- _BRIEF_
Examine the records and identify each line that includes the string "shows". Copy those lines.

(Beginning of RECORDS PROVIDED)

lemma continuous_on_deriv_pow_f_of_circle:
  assumes \<phi>: "\<phi> holomorphic_on Disk" and r: "0 \<le> r" "r < 1"
  shows "continuous_on {-pi..pi} (\<lambda>\<theta>. cmod (deriv_pow (f_of \<phi>) \<tau> (of_real r * cis \<theta>)))"
proof -
  have "continuous_on Disk (\<lambda>z. cmod (exp (\<tau> * radial_primitive \<phi> z)))"
    using holomorphic_on_radial_primitive[OF \<phi>]
    by (intro continuous_intros holomorphic_on_imp_continuous_on) auto
  moreover have "continuous_on {-pi..pi} (\<lambda>\<theta>. of_real r * cis \<theta>)"
    by (intro continuous_intros)
  moreover have "(\<lambda>\<theta>. of_real r * cis \<theta>) ` {-pi..pi} \<subseteq> Disk"
    using circle_in_Disk(1)[OF r] by blast
  ultimately have "continuous_on {-pi..pi} (\<lambda>\<theta>. cmod (exp (\<tau> * radial_primitive \<phi> (of_real r * cis \<theta>))))"
    by (rule continuous_on_compose2)
  then show ?thesis
    by (simp add: deriv_pow_f_of[OF \<phi> circle_in_Disk(1)[OF r]])
qed

lemma integral_mean_f_of_pos:
  assumes \<phi>: "\<phi> holomorphic_on Disk" and r: "0 \<le> r" "r < 1"
  shows "integral_mean (f_of \<phi>) \<tau> r > 0"
proof -
  let ?g = "\<lambda>\<theta>. cmod (deriv_pow (f_of \<phi>) \<tau> (of_real r * cis \<theta>))"
  have cont: "continuous_on {-pi..pi} ?g"
    by (rule continuous_on_deriv_pow_f_of_circle[OF \<phi> r])
  have "{-pi..pi} \<noteq> {}"
    by simp
  then obtain \<theta>\<^sub>0 where min: "\<forall>\<theta>\<in>{-pi..pi}. ?g \<theta>\<^sub>0 \<le> ?g \<theta>"
    using continuous_attains_inf[OF compact_Icc _ cont] by blast
  have "0 < integral {-pi..pi} (\<lambda>\<theta>. ?g \<theta>\<^sub>0)"
    by (simp add: deriv_pow_def)
  also have "\<dots> \<le> integral {-pi..pi} ?g"
    by (rule integral_le[OF integrable_const_ivl integrable_continuous_interval[OF cont] min[rule_format]])
  finally show ?thesis
    by (simp add: integral_mean_def)
qed

lemma integral_mean_f_of_le:
  assumes \<phi>: "\<phi> holomorphic_on Disk" and \<psi>: "\<psi> holomorphic_on Disk" and d: "d \<ge> 0"
    and bound: "\<And>w. w \<in> Disk \<Longrightarrow> cmod (\<phi> w - \<psi> w) * (1 - (cmod w)\<^sup>2) \<le> d"
    and r: "0 \<le> r" "r < 1"
  shows "integral_mean (f_of \<phi>) \<tau> r \<le> exp (cmod \<tau> * d * - ln (1 - r)) * integral_mean (f_of \<psi>) \<tau> r"
proof -
  let ?K = "exp (cmod \<tau> * d * - ln (1 - r))"
  let ?g = "\<lambda>\<kappa> \<theta>. cmod (deriv_pow (f_of \<kappa>) \<tau> (of_real r * cis \<theta>))"
  have "integral {-pi..pi} (?g \<phi>) \<le> integral {-pi..pi} (\<lambda>\<theta>. ?K * ?g \<psi> \<theta>)"
  proof (rule integral_le)
    show "?g \<phi> integrable_on {-pi..pi}"
      by (rule integrable_continuous_interval[OF continuous_on_deriv_pow_f_of_circle[OF \<phi> r]])
    show "(\<lambda>\<theta>. ?K * ?g \<psi> \<theta>) integrable_on {-pi..pi}"
      by (rule integrable_continuous_interval[OF continuous_on_mult_left,
            OF continuous_on_deriv_pow_f_of_circle[OF \<psi> r]])
    show "?g \<phi> \<theta> \<le> ?K * ?g \<psi> \<theta>" for \<theta>
      using norm_deriv_pow_f_of_le[OF \<phi> \<psi> d bound circle_in_Disk(1)[OF r, of \<theta>]]
      unfolding circle_in_Disk(2)[OF r] .
  qed
  then show ?thesis
    by (simp add: integral_mean_def)
qed

lemma beta_f_of_le:
  assumes \<phi>: "\<phi> holomorphic_on Disk" and \<psi>: "\<psi> holomorphic_on Disk" and d: "d \<ge> 0"
    and bound: "\<And>w. w \<in> Disk \<Longrightarrow> cmod (\<phi> w - \<psi> w) * (1 - (cmod w)\<^sup>2) \<le> d"
  shows "beta (f_of \<phi>) \<tau> \<le> beta (f_of \<psi>) \<tau> + ereal (cmod \<tau> * d)"
proof -
  let ?q = "\<lambda>\<kappa> r. ln (integral_mean (f_of \<kappa>) \<tau> r) / \<bar>ln (1 - r)\<bar>"
  have key: "?q \<phi> r \<le> ?q \<psi> r + cmod \<tau> * d" if r: "r \<in> {0<..<1}" for r
  proof -
    have r': "0 \<le> r" "r < 1" and L: "\<bar>ln (1 - r)\<bar> = - ln (1 - r)" "- ln (1 - r) > 0"
      using r by auto
    have "ln (integral_mean (f_of \<phi>) \<tau> r)
            \<le> ln (exp (cmod \<tau> * d * - ln (1 - r)) * integral_mean (f_of \<psi>) \<tau> r)"
      using integral_mean_f_of_le[OF \<phi> \<psi> d bound r'] integral_mean_f_of_pos[OF \<phi> r']
        integral_mean_f_of_pos[OF \<psi> r'] by simp
    also have "\<dots> = ln (integral_mean (f_of \<psi>) \<tau> r) + cmod \<tau> * d * - ln (1 - r)"
      using ln_mult_pos[OF exp_gt_zero integral_mean_f_of_pos[OF \<psi> r', where \<tau>=\<tau>]] by simp
    finally show ?thesis
      using L by (simp add: field_simps)
  qed
  have "eventually (\<lambda>r. r \<in> {0<..<1}) (at_left (1::real))"
    by (rule eventually_at_left_real) simp
  then have "eventually (\<lambda>r. ereal (?q \<phi> r) \<le> ereal (?q \<psi> r) + ereal (cmod \<tau> * d)) (at_left 1)"
    by (rule eventually_mono) (use key in simp)
  then have "Limsup (at_left 1) (\<lambda>r. ereal (?q \<phi> r))
               \<le> Limsup (at_left 1) (\<lambda>r. ereal (?q \<psi> r) + ereal (cmod \<tau> * d))"
    by (rule Limsup_mono)
  also have "\<dots> = Limsup (at_left 1) (\<lambda>r. ereal (?q \<psi> r)) + ereal (cmod \<tau> * d)"
    by (rule Limsup_add_ereal_right) auto
  finally show ?thesis
    by (simp add: beta_def integral_mean_def)
qed

lemma E1norm_less_imp_weighted_le:
  assumes "E1norm \<kappa> < ereal \<delta>" "w \<in> Disk"
  shows "cmod (\<kappa> w) * (1 - (cmod w)\<^sup>2) \<le> \<delta>"
proof -
  have "ereal (cmod (\<kappa> w) * (1 - (cmod w)\<^sup>2)) \<le> E1norm \<kappa>"
    unfolding E1norm_def using assms(2) by (rule SUP_upper)
  then have "ereal (cmod (\<kappa> w) * (1 - (cmod w)\<^sup>2)) < ereal \<delta>"
    using assms(1) by (rule le_less_trans)
  then show ?thesis
    by simp
qed

theorem theorem3:
  fixes \<tau> :: complex
  shows "\<forall>\<phi>\<in>TT_closure. \<forall>U. open U \<and> beta (f_of \<phi>) \<tau> \<in> U \<longrightarrow>
           (\<exists>\<delta>>0. \<forall>\<psi>\<in>TT_closure. E1norm (\<lambda>z. \<psi> z - \<phi> z) < ereal \<delta> \<longrightarrow>
                     beta (f_of \<psi>) \<tau> \<in> U)"
proof (intro ballI allI impI)
  fix \<phi> U assume \<phi>: "\<phi> \<in> TT_closure" and U: "open U \<and> beta (f_of \<phi>) \<tau> \<in> U"
  obtain \<delta> where \<delta>: "\<delta> > 0" and absorb: "\<And>b. beta (f_of \<phi>) \<tau> \<le> b + ereal (cmod \<tau> * \<delta>) \<Longrightarrow>
      b \<le> beta (f_of \<phi>) \<tau> + ereal (cmod \<tau> * \<delta>) \<Longrightarrow> b \<in> U"
    using ereal_open_absorbs_bounded_shifts[of U, OF _ _ norm_ge_zero] U by blast
  have "beta (f_of \<psi>) \<tau> \<in> U"
    if \<psi>: "\<psi> \<in> TT_closure" and close: "E1norm (\<lambda>z. \<psi> z - \<phi> z) < ereal \<delta>" for \<psi>
  proof (rule absorb)
    have holo: "\<phi> holomorphic_on Disk" "\<psi> holomorphic_on Disk"
      using \<phi> \<psi> by (simp_all add: TT_closure_def E1_def)
    have bound: "cmod (\<psi> w - \<phi> w) * (1 - (cmod w)\<^sup>2) \<le> \<delta>" if "w \<in> Disk" for w
      using E1norm_less_imp_weighted_le[OF close that] .
    then show "beta (f_of \<psi>) \<tau> \<le> beta (f_of \<phi>) \<tau> + ereal (cmod \<tau> * \<delta>)"
      using beta_f_of_le[OF holo(2,1)] \<delta> by simp
    show "beta (f_of \<phi>) \<tau> \<le> beta (f_of \<psi>) \<tau> + ereal (cmod \<tau> * \<delta>)"
      using beta_f_of_le[OF holo] bound \<delta> by (simp add: norm_minus_commute)
  qed
  with \<delta> show "\<exists>\<delta>>0. \<forall>\<psi>\<in>TT_closure. E1norm (\<lambda>z. \<psi> z - \<phi> z) < ereal \<delta> \<longrightarrow>
      beta (f_of \<psi>) \<tau> \<in> U"
    by blast
qed

end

(End of RECORDS PROVIDED)

- _WORKED SOLUTION_
  shows "continuous_on {-pi..pi} (\<lambda>\<theta>. cmod (deriv_pow (f_of \<phi>) \<tau> (of_real r * cis \<theta>)))"
  shows "integral_mean (f_of \<phi>) \<tau> r > 0"
  shows "integral_mean (f_of \<phi>) \<tau> r \<le> exp (cmod \<tau> * d * - ln (1 - r)) * integral_mean (f_of \<psi>) \<tau> r"
  shows "beta (f_of \<phi>) \<tau> \<le> beta (f_of \<psi>) \<tau> + ereal (cmod \<tau> * d)"
  shows "cmod (\<kappa> w) * (1 - (cmod w)\<^sup>2) \<le> \<delta>"
  shows "\<forall>\<phi>\<in>TT_closure. \<forall>U. open U \<and> beta (f_of \<phi>) \<tau> \<in> U \<longrightarrow>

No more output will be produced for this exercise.